Excerpts from a dataset
== Segment start ==

lemma sum_pairs_power_dist:
  fixes y :: "'a::comm_ring_1"
  shows "(\<Sum>i=1..Suc N. \<Sum>i'=1..Suc N. if i = i' then 0 else y ^ (max i i' - min i i')) =
    2 * y * (of_nat N * (\<Sum>e<N. y ^ e) - (\<Sum>e<N. of_nat e * y ^ e))"
proof (induction N)
  case 0
  then show ?case by simp
next
  case (Suc N)
  let ?w = "\<lambda>i i'. if i = i' then 0 else y ^ (max i i' - min i i')"
  let ?m = "Suc (Suc N)"
  have row: "(\<Sum>i=1..Suc N. ?w i ?m) = (\<Sum>e<Suc N. y ^ Suc e)"
  proof -
    have "(\<Sum>i=1..Suc N. ?w i ?m) = (\<Sum>i<Suc N. y ^ (Suc N - i))"
      by (simp add: sum.atLeast1_atMost_eq)
    also have "\<dots> = (\<Sum>e<Suc N. y ^ Suc e)"
      by (subst sum.nat_diff_reindex[symmetric]) simp
    finally show ?thesis .
  qed
  have col: "(\<Sum>i'=1..Suc N. ?w ?m i') = (\<Sum>i=1..Suc N. ?w i ?m)"
    by (intro sum.cong refl) (simp add: max.commute min.commute)
  have ivl: "{1..?m} = insert ?m {1..Suc N}" "?m \<notin> {1..Suc N}" by auto
  have "(\<Sum>i=1..?m. \<Sum>i'=1..?m. ?w i i') =
      (\<Sum>i=1..Suc N. \<Sum>i'=1..Suc N. ?w i i') + (\<Sum>i'=1..Suc N. ?w ?m i') + (\<Sum>i=1..Suc N. ?w i ?m)"
    unfolding ivl(1) by (simp only: sum.insert[OF _ ivl(2)] finite_atLeastAtMost sum.distrib) simp
  also have "\<dots> = 2 * y * (of_nat N * (\<Sum>e<N. y ^ e) - (\<Sum>e<N. of_nat e * y ^ e))
      + 2 * (\<Sum>e<Suc N. y ^ Suc e)"
    by (simp only: col row Suc.IH mult_2 add.assoc)
  also have "\<dots> = 2 * y * (of_nat (Suc N) * (\<Sum>e<Suc N. y ^ e) - (\<Sum>e<Suc N. of_nat e * y ^ e))"
    by (simp add: sum_distrib_left sum.distrib algebra_simps)
  finally show ?case .
qed

lemma phen_dist_ad_block:
  fixes x :: "'a::comm_ring_1"
  shows "(\<Sum>j\<in>{0, 3}. \<Sum>j'\<in>{0, 3}. x ^ phen_dist (i, j) (i', j')) =
    (if i = i' then 2 + 2 * x ^ 3 else (2 + 2 * x) * (x ^ 3) ^ (max i i' - min i i'))"
proof -
  have less: "(\<Sum>j\<in>{0, 3}. \<Sum>j'\<in>{0, 3}. x ^ phen_dist (i, j) (i', j'))
      = (2 + 2 * x) * (x ^ 3) ^ (i' - i)"
    if lt: "i < i'" for i i'
  proof -
    obtain d where d: "i' = Suc (i + d)" using less_imp_Suc_add[OF lt] by blast
    have "cross_dist 0 0 = 3" "cross_dist 0 3 = 4" "cross_dist 3 0 = 4" "cross_dist 3 3 = 3"
      by (simp_all add: cross_dist_def hex_dist_def)
    then have "(\<Sum>j\<in>{0, 3}. \<Sum>j'\<in>{0, 3}. x ^ phen_dist (i, j) (i', j')) =
        x ^ (3 * d + 3) + x ^ (3 * d + 4) + (x ^ (3 * d + 4) + x ^ (3 * d + 3))"
      by (simp add: d)
    also have "\<dots> = (2 + 2 * x) * (x ^ 3) ^ Suc d"
    proof -
      have "x ^ (3 * d + 3) = (x ^ 3) ^ Suc d" "x ^ (3 * d + 4) = x * (x ^ 3) ^ Suc d"
        unfolding power_mult[symmetric] power_Suc[symmetric] by (simp_all add: numeral_eq_Suc)
      then show ?thesis by (simp only:) (simp add: algebra_simps)
    qed
    finally show ?thesis by (simp add: d)
  qed
  consider "i = i'" | "i < i'" | "i' < i" by linarith
  then show ?thesis
  proof cases
    case 1
    then show ?thesis by (simp add: hex_dist_def)
  next
    case 2
    then show ?thesis using less[OF 2] by simp
  next
    case 3
    have "(\<Sum>j\<in>{0, 3}. \<Sum>j'\<in>{0, 3}. x ^ phen_dist (i, j) (i', j')) =
        (\<Sum>j'\<in>{0, 3}. \<Sum>j\<in>{0, 3}. x ^ phen_dist (i', j') (i, j))"
      by (subst sum.swap) (simp only: phen_dist_sym)
    with 3 show ?thesis unfolding less[OF 3] by simp
  qed
qed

== Segment end ==

Please print exactly what appears from the first line of the data through the line with "i') = (\<Sum>i=1..Suc", including both of those lines and nothing past them.

__Result for this exercise__
lemma sum_pairs_power_dist:
  fixes y :: "'a::comm_ring_1"
  shows "(\<Sum>i=1..Suc N. \<Sum>i'=1..Suc N. if i = i' then 0 else y ^ (max i i' - min i i')) =
    2 * y * (of_nat N * (\<Sum>e<N. y ^ e) - (\<Sum>e<N. of_nat e * y ^ e))"
proof (induction N)
  case 0
  then show ?case by simp
next
  case (Suc N)
  let ?w = "\<lambda>i i'. if i = i' then 0 else y ^ (max i i' - min i i')"
  let ?m = "Suc (Suc N)"
  have row: "(\<Sum>i=1..Suc N. ?w i ?m) = (\<Sum>e<Suc N. y ^ Suc e)"
  proof -
    have "(\<Sum>i=1..Suc N. ?w i ?m) = (\<Sum>i<Suc N. y ^ (Suc N - i))"
      by (simp add: sum.atLeast1_atMost_eq)
    also have "\<dots> = (\<Sum>e<Suc N. y ^ Suc e)"
      by (subst sum.nat_diff_reindex[symmetric]) simp
    finally show ?thesis .
  qed
  have col: "(\<Sum>i'=1..Suc N. ?w ?m i') = (\<Sum>i=1..Suc N. ?w i ?m)"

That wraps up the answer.